Early Learning Priorities: Putting First Things First
Browse a homeschooling catalog, head to a homeschool curriculum fair, or even listen to fellow homeschooling moms talk about early learning priorities, and it is easy to get overwhelmed. There is just so…much…stuff that you can learn! You know the phrase, “There is an app for that!” Today, if there is something to study, there is probably a homeschool resource for that.
This is especially the case when you’re setting goals for early learners. There is so much available, and there are so many resources that are presented as being the perfect solution for helping with this skill or laying the groundwork for that area of development.
Before you know it, you’ve completely blown your budget purchasing all of the various resources that “experts” tell you are completely necessary for ensuring you give your child a solid education.
But the challenge doesn’t stop there. When you sit down to start working with all of those resources, you quickly discover that you are trying to cram a hundred different things into a school day that, for an early learner, really should only last a couple of hours.
Early Learning Priorities: The Foundational Skills
So, let’s back up a bit. Before you go immerse yourself in the overwhelming world of homeschool resources, take some time to outline the things that should truly be considered early learning priorities and remind yourself of the foundational needs.
In other words, make sure to put first things first!
Of course, every early learning resource company wants to convince you that their product is the most important resource you could ever purchase for early learning. So, how do you determine those early learning priorities?
Fortunately, it’s really quite simple. All you have to do is remember that any child who has learned to read and handle basic math excellently has a world opened up to him. And becoming excellent in these areas makes learning everything else so much easier.
Why Math & Phonics are Early Learning Priorities
Being able to use math and phonics effectively takes a precept-upon-precept approach. This means that one concept builds on the next in a sequential manner. Unlike other subjects, which can be taught in a more global fashion (teaching concepts in a variety of orders), phonics and math need to follow a fairly specific sequence and require a lot of practice.
Phonics instruction gives students the building blocks to read and spell. The knowledge of letter sounds and their relationships within words is essential to mastering the mechanics of reading.
Learning math facts and computation improves not only math itself, but also science. Before a child can succeed in chemistry, she will need to understand algebra. Before she can effectively solve algebra problems, she must know her basic math facts by rote. A hit-and-miss approach to phonics and math will show up later as gaps that make learning advanced content much more difficult.
Solid Planning Equals Solid Learning
One way to make sure that the early learning priorities of reading and math instruction get their due attention is to schedule them for the best learning time during your day.
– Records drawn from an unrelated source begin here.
(* Let $u,w\in G(m,p,n)$. Then $$\operatorname{codim}\operatorname{fix}(u)+\operatorname{codim}\operatorname{fix}(u^{-1}w)\ \ge\ n+c(w)-2|\Pi_u(w)|+\#\{\text{parts of }\Pi_u(w)\text{ of nonzero weight}\}.$$ Moreover, if equality holds, then for every part $B$ of $\Pi_u(w)$ we have $c(u|_B)+c(u^{-1}w|_B)=\#\operatorname{Supp}(B)-c(w|_B)+2$, and exactly one of the following holds: (i) $\mathrm{wt}(w|_B)=0$ and all cycles of $u|_B$ and of $u^{-1}w|_B$ have weight $0$; (ii) $\mathrm{wt}(u|_B)=\mathrm{wt}(w|_B)\neq0$, one cycle of $u|_B$ has weight $\mathrm{wt}(w|_B)$ and all its other cycles have weight $0$, and all cycles of $u^{-1}w|_B$ have weight $0$; (iii) $\mathrm{wt}(u^{-1}w|_B)=\mathrm{wt}(w|_B)\ne0$, one cycle of $u^{-1}w|_B$ has weight $\mathrm{wt}(w|_B)$ and all its other cycles have weight $0$, and all cycles of $u|_B$ have weight $0$.
   Context: Let $m,p,n$ be positive integers with $p\mid m$ and $\zeta=e^{2\pi i/m}$. The group $G(m,1,n)$ consists of pairs $w=[u;a]$ with $u\in\mathfrak S_n$ (the underlying permutation) and $a=(a_1,\dots,a_n)\in(\mathbb Z/m\mathbb Z)^n$ (the weights); $[u;a]$ is identified with the $n\times n$ monomial matrix having entry $\zeta^{a_i}$ in position $(u(i),i)$ and zeros elsewhere, the group law is matrix multiplication, and the group acts on $\mathbb C^n$. A cycle of $w$ is a cycle of $u$ (fixed points count as cycles of size $1$); $c(w)$ is the number of cycles of $w$ and $c_0(w)$ the number of cycles of weight $0$, where the weight of a set $I\subseteq[n]$ (e.g. the underlying set of a cycle) is $\sum_{i\in I}a_i\in\mathbb Z/m\mathbb Z$, and $\mathrm{wt}(w)=\sum_{i=1}^n a_i$. Since $p\mid m$, it makes sense to say an element of $\mathbb Z/m\mathbb Z$ is $\equiv 0\pmod p$. $G(m,p,n)=\{w\in G(m,1,n):\mathrm{wt}(w)\equiv 0\pmod p\}$. $\operatorname{codim}\operatorname{fix}(g)=n-\dim\ker(g-1)$ for the action on $\mathbb C^n$. For $u,w\in G(m,p,n)$, $\Pi_u(w)$ is the set partition of the cycles of $w$ generated by the relation: cycles $C_1,C_2$ of $w$ are related if some cycle of $u$ intersects both (as subsets of $[n]$), closed under transitivity. For a part $B$, $\operatorname{Supp}(B)\subseteq[n]$ is the union of the cycles in $B$; it is stable under the underlying permutations of $u$ and $w$. For $x\in\{u,w,u^{-1}w\}$, $x|_B$ denotes the restriction of $x$ to $\operatorname{Supp}(B)$: the permutation of $\operatorname{Supp}(B)$ induced by $x$ together with the weights $a_i$, $i\in\operatorname{Supp}(B)$ (an element of $G(m,1,\#\operatorname{Supp}(B))$); its cycles, $c(x|_B)$, and $\mathrm{wt}(x|_B)=\sum_{i\in\operatorname{Supp}(B)}a_i$ are computed within $\operatorname{Supp}(B)$. The weight of a part $B$ is $\mathrm{wt}(w|_B)$. *)

theory Defs
  imports Complex_Main "Jordan_Normal_Form.Matrix_Kernel"
begin

text \<open>An element [u;a] of G(m,1,n) is a pair (u,a): u a permutation of {..<n}
  (identity outside), a the weights, stored as canonical representatives in
  {0..<m} of Z/mZ (and 0 outside {..<n}).\<close>

type_synonym gelt = "(nat \<Rightarrow> nat) \<times> (nat \<Rightarrow> int)"

definition in_G1 :: "nat \<Rightarrow> nat \<Rightarrow> gelt \<Rightarrow> bool" where
  "in_G1 m n w \<longleftrightarrow> fst w permutes {..<n} \<and> (\<forall>i. 0 \<le> snd w i \<and> snd w i < int m)
     \<and> (\<forall>i\<ge>n. snd w i = 0)"

definition wtset :: "nat \<Rightarrow> (nat \<Rightarrow> int) \<Rightarrow> nat set \<Rightarrow> int" where
  "wtset m a I = (\<Sum>i\<in>I. a i) mod int m"

definition wt :: "nat \<Rightarrow> nat \<Rightarrow> gelt \<Rightarrow> int" where
  "wt m n w = wtset m (snd w) {..<n}"

definition in_G :: "nat \<Rightarrow> nat \<Rightarrow> nat \<Rightarrow> gelt \<Rightarrow> bool" where
  "in_G m p n w \<longleftrightarrow> in_G1 m n w \<and> int p dvd wt m n w"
For many families, this is right away in the morning.
Studying reading and math first thing in the morning has the added advantage of making sure that these subjects are covered before the inevitable distractions of the day shove them aside. However, if your student is more awake and ready to learn later in the day, study math and reading skills then.
The key is to just make sure you plan!
Making Early Learning Priorities Fun
There’s one more key to keeping your focus on these early learning priorities: keeping them exciting!
Since math and phonics take so much repetition, some students find them boring. If this is true of your child, they may lose interest very quickly and get frustrated instead of being excited about learning to read and work with numbers.
So, try mixing things up a bit. Games are a fantastic way to teach both math and phonics skills. There are many games that can be played with a deck of cards or a couple of sets of flash cards. A multitude of online games and apps can entertain while reinforcing important skills. Or check out your local library or YouTube for educational videos covering these topics.
Be diligent with making math and phonics skills a priority. One day, when your child is reading Shakespeare or factoring trinomials, you’ll be glad you did.